# Thread: simple question about autonomous first-order DEs

1. ## simple question about autonomous first-order DEs

consider the autonomous first-order equation $\displaystyle dy/dx = y - y^3$. and the initial condition $\displaystyle y(0)=y_0$. How do you go about drawing the graph of a typical solution $\displaystyle y(x)$ when
a)$\displaystyle y_0>1$
b)$\displaystyle 0<y_0<1$

2. Have you solved it yet? What did you get?

3. The DE is of 'separable variables type' and can be written as...

$\displaystyle \frac{dy}{y\cdot (1-y^{2})} = dx$ (1)

Because is...

$\displaystyle \frac{1}{y\cdot (1-y^{2})} = \frac{1}{y} + \frac{y}{1-y^{2}}$ (2)

... is also...

$\displaystyle \int \frac{dy}{y\cdot (1-y^{2})} = \ln y - \frac{1}{2} \cdot \ln (1-y^{2}) + \ln c$ (3)
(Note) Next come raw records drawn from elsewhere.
text \<open>
  For \<open>m = 2\<^sup>n\<close> with \<open>n \<ge> 2\<close>, every \<open>A \<in> H(m)\<close> can be written \<open>A \<equiv> 1 + m X (mod 2m)\<close>, and
  \<open>X mod 2\<close> is a trace-zero matrix over \<open>\<int>[\<lambda>]/2 \<cong> \<bbbF>\<^sub>4\<close>. Since \<open>m\<^sup>2 \<equiv> 0 (mod 2m)\<close>, the map
  \<open>A \<mapsto> X mod 2\<close> turns products into sums, so it induces an injection of \<open>H(m)/H(2m)\<close> into
  the additive group \<open>sl\<^sub>2(\<bbbF>\<^sub>4)\<close> of order \<open>4\<^sup>3 = 2\<^sup>6\<close>. It is onto: the powers of \<open>\<sigma>\<close> and
  of \<open>T\<close> realise \<open>E\<^sub>1\<^sub>2\<close> and \<open>\<lambda> E\<^sub>1\<^sub>2\<close> at every level (squaring doubles the level), and
  conjugating them by \<open>S\<close> and by \<open>TSTS\<close> and adding yields all of \<open>sl\<^sub>2(\<bbbF>\<^sub>4)\<close>. The formula
  for \<open>[H\<^sub>5 : H(2\<^sup>n)]\<close> then follows from multiplicativity of the index in towers.
\<close>

section \<open>Index of subgroups\<close>

lemma (in group) rcos_eq_iff_mult_inv:
  assumes "subgroup K G" "x \<in> carrier G" "y \<in> carrier G"
  shows "K #> x = K #> y \<longleftrightarrow> x \<otimes> inv y \<in> K"
  using assms subgroup.rcos_module[OF assms(1) is_group] rcos_self repr_independence
  by metis

lemma rcosets_carrier_update: "rcosets\<^bsub>G\<lparr>carrier := H\<rparr>\<^esub> K = (\<lambda>h. K #>\<^bsub>G\<^esub> h) ` H"
  by (auto simp: RCOSETS_def r_coset_def)

lemma (in group) card_rcosets_transversal:
  assumes K: "subgroup K G" and e: "e \<in> T \<rightarrow> carrier G"
    and covers: "\<And>a. a \<in> carrier G \<Longrightarrow> \<exists>t\<in>T. a \<otimes> inv (e t) \<in> K"
    and separates: "\<And>t t'. t \<in> T \<Longrightarrow> t' \<in> T \<Longrightarrow> e t \<otimes> inv (e t') \<in> K \<Longrightarrow> t = t'"
  shows "card (rcosets K) = card T"
proof -
  have "bij_betw (\<lambda>t. K #> e t) T (rcosets K)"
  proof (rule bij_betw_imageI)
    show "inj_on (\<lambda>t. K #> e t) T"
    proof (rule inj_onI)
      fix t t' assume "t \<in> T" "t' \<in> T" "K #> e t = K #> e t'"
      then show "t = t'" using e separates rcos_eq_iff_mult_inv[OF K] by (metis funcset_mem)
    qed
    show "(\<lambda>t. K #> e t) ` T = rcosets K"
    proof
      show "(\<lambda>t. K #> e t) ` T \<subseteq> rcosets K"
        using e subgroup.subset[OF K] by (auto intro: rcosetsI)
      show "rcosets K \<subseteq> (\<lambda>t. K #> e t) ` T"
      proof
        fix R assume "R \<in> rcosets K"
        then obtain a where a: "a \<in> carrier G" "R = K #> a" by (auto simp: RCOSETS_def)
        then obtain t where "t \<in> T" "a \<otimes> inv (e t) \<in> K" using covers by blast
        then have "R = K #> e t" using a e rcos_eq_iff_mult_inv[OF K] by (metis funcset_mem)
        then show "R \<in> (\<lambda>t. K #> e t) ` T" using \<open>t \<in> T\<close> by blast
      qed
    qed
  qed
  then show ?thesis by (rule bij_betw_same_card[symmetric])
qed

lemma (in group) bij_betw_rcosets_tower:
  assumes H: "subgroup H G" and K: "subgroup K G" and KH: "K \<subseteq> H"
    and rep: "\<And>\<beta>. \<beta> \<in> rcosets H \<Longrightarrow> rep \<beta> \<in> carrier G \<and> \<beta> = H #> rep \<beta>"
  shows "bij_betw (\<lambda>(\<beta>, \<gamma>). \<gamma> #> rep \<beta>) ((rcosets H) \<times> (\<lambda>h. K #> h) ` H) (rcosets K)"
proof (rule bij_betw_imageI)
  have HG: "H \<subseteq> carrier G" and KG: "K \<subseteq> carrier G"
    using H K by (auto dest: subgroup.subset)
  have shift: "K #> h #> x = K #> (h \<otimes> x)" if "h \<in> carrier G" "x \<in> carrier G" for h x
    using coset_mult_assoc[OF KG that] .
  show "inj_on (\<lambda>(\<beta>, \<gamma>). \<gamma> #> rep \<beta>) ((rcosets H) \<times> (\<lambda>h. K #> h) ` H)"
  proof (rule inj_onI, clarsimp)
    fix \<beta> \<beta>' h h'
    assume \<beta>: "\<beta> \<in> rcosets H" "\<beta>' \<in> rcosets H" and h: "h \<in> H" "h' \<in> H"
      and eq: "K #> h #> rep \<beta> = K #> h' #> rep \<beta>'"
    have hG: "h \<in> carrier G" "h' \<in> carrier G" using h HG by auto
    have "(h \<otimes> rep \<beta>) \<otimes> inv (h' \<otimes> rep \<beta>') \<in> K"
      using eq rep \<beta> hG by (simp add: shift rcos_eq_iff_mult_inv[OF K])
    then have "H #> (h \<otimes> rep \<beta>) = H #> (h' \<otimes> rep \<beta>')"
      using KH rep \<beta> hG by (auto simp: rcos_eq_iff_mult_inv[OF H])
    moreover have "H #> (g \<otimes> rep \<gamma>) = \<gamma>" if "g \<in> H" "\<gamma> \<in> rcosets H" for g \<gamma>
      using that HG rep[OF that(2)]
      by (metis coset_mult_assoc subgroup.rcos_const[OF H is_group] subsetD)
    ultimately have same: "\<beta> = \<beta>'" using h \<beta> by metis
    have "h \<otimes> inv h' = (h \<otimes> rep \<beta>) \<otimes> inv (h' \<otimes> rep \<beta>)"
      using hG rep \<beta> by (simp add: inv_mult_group m_assoc) (simp add: m_assoc[symmetric])
    also have "\<dots> \<in> K"
      using eq same rep \<beta> hG by (simp add: shift rcos_eq_iff_mult_inv[OF K])
    finally show "\<beta> = \<beta>' \<and> K #> h = K #> h'"
      using same hG by (simp add: rcos_eq_iff_mult_inv[OF K])
  qed
  show "(\<lambda>(\<beta>, \<gamma>). \<gamma> #> rep \<beta>) ` ((rcosets H) \<times> (\<lambda>h. K #> h) ` H) = rcosets K"
  proof (intro equalityI subsetI)
    fix R assume "R \<in> (\<lambda>(\<beta>, \<gamma>). \<gamma> #> rep \<beta>) ` ((rcosets H) \<times> (\<lambda>h. K #> h) ` H)"
    then obtain \<beta> h where \<beta>: "\<beta> \<in> rcosets H" and "h \<in> H" "R = K #> h #> rep \<beta>" by blast
    then have "R = K #> (h \<otimes> rep \<beta>)" "h \<otimes> rep \<beta> \<in> carrier G"
      using rep[OF \<beta>] HG by (auto simp: shift)
    then show "R \<in> rcosets K" using KG by (simp add: rcosetsI)
  next
    fix R assume "R \<in> rcosets K"
    then obtain a where a: "a \<in> carrier G" "R = K #> a" by (auto simp: RCOSETS_def)
    define \<beta> where "\<beta> = H #> a"
    have \<beta>: "\<beta> \<in> rcosets H" using a HG by (simp add: \<beta>_def rcosetsI)
    define h where "h = a \<otimes> inv (rep \<beta>)"
    have "h \<in> H"
      using rep[OF \<beta>] rcos_eq_iff_mult_inv[OF H a(1), of "rep \<beta>"] unfolding h_def \<beta>_def by simp
    moreover have "R = K #> h #> rep \<beta>"
      using a rep[OF \<beta>] by (simp add: h_def shift m_assoc)
    ultimately show "R \<in> (\<lambda>(\<beta>, \<gamma>). \<gamma> #> rep \<beta>) ` ((rcosets H) \<times> (\<lambda>h. K #> h) ` H)"
      using \<beta> by blast
  qed
qed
... so that the solution of (1) is...

$\displaystyle \frac{y}{\sqrt{1-y^{2}}} = c \cdot e^{x}$ (4)

... that can be 'explicitate' as function of x as...

$\displaystyle y= \pm \frac{c\cdot e^{x}}{\sqrt{1+c^{2}\cdot e^{2x}}}$ (5)

If now we intend to impose the initial condition $\displaystyle y(0)= y_{0}$ we 'discover' that we can do it only if is $\displaystyle |y_{0}|<1$. To overcome the handycap in case $\displaystyle |y_{0}|>1$ we write (2) as...

$\displaystyle \frac{1}{y\cdot (1-y^{2})} = \frac{1}{y} - \frac{y}{y^{2}-1}$ (6)

... and repeat the procedure obtaining...

$\displaystyle y= \pm \frac{c\cdot e^{x}}{\sqrt{c^{2}\cdot e^{2x}-1}}$ (7)

Kind regards

$\displaystyle \chi$ $\displaystyle \sigma$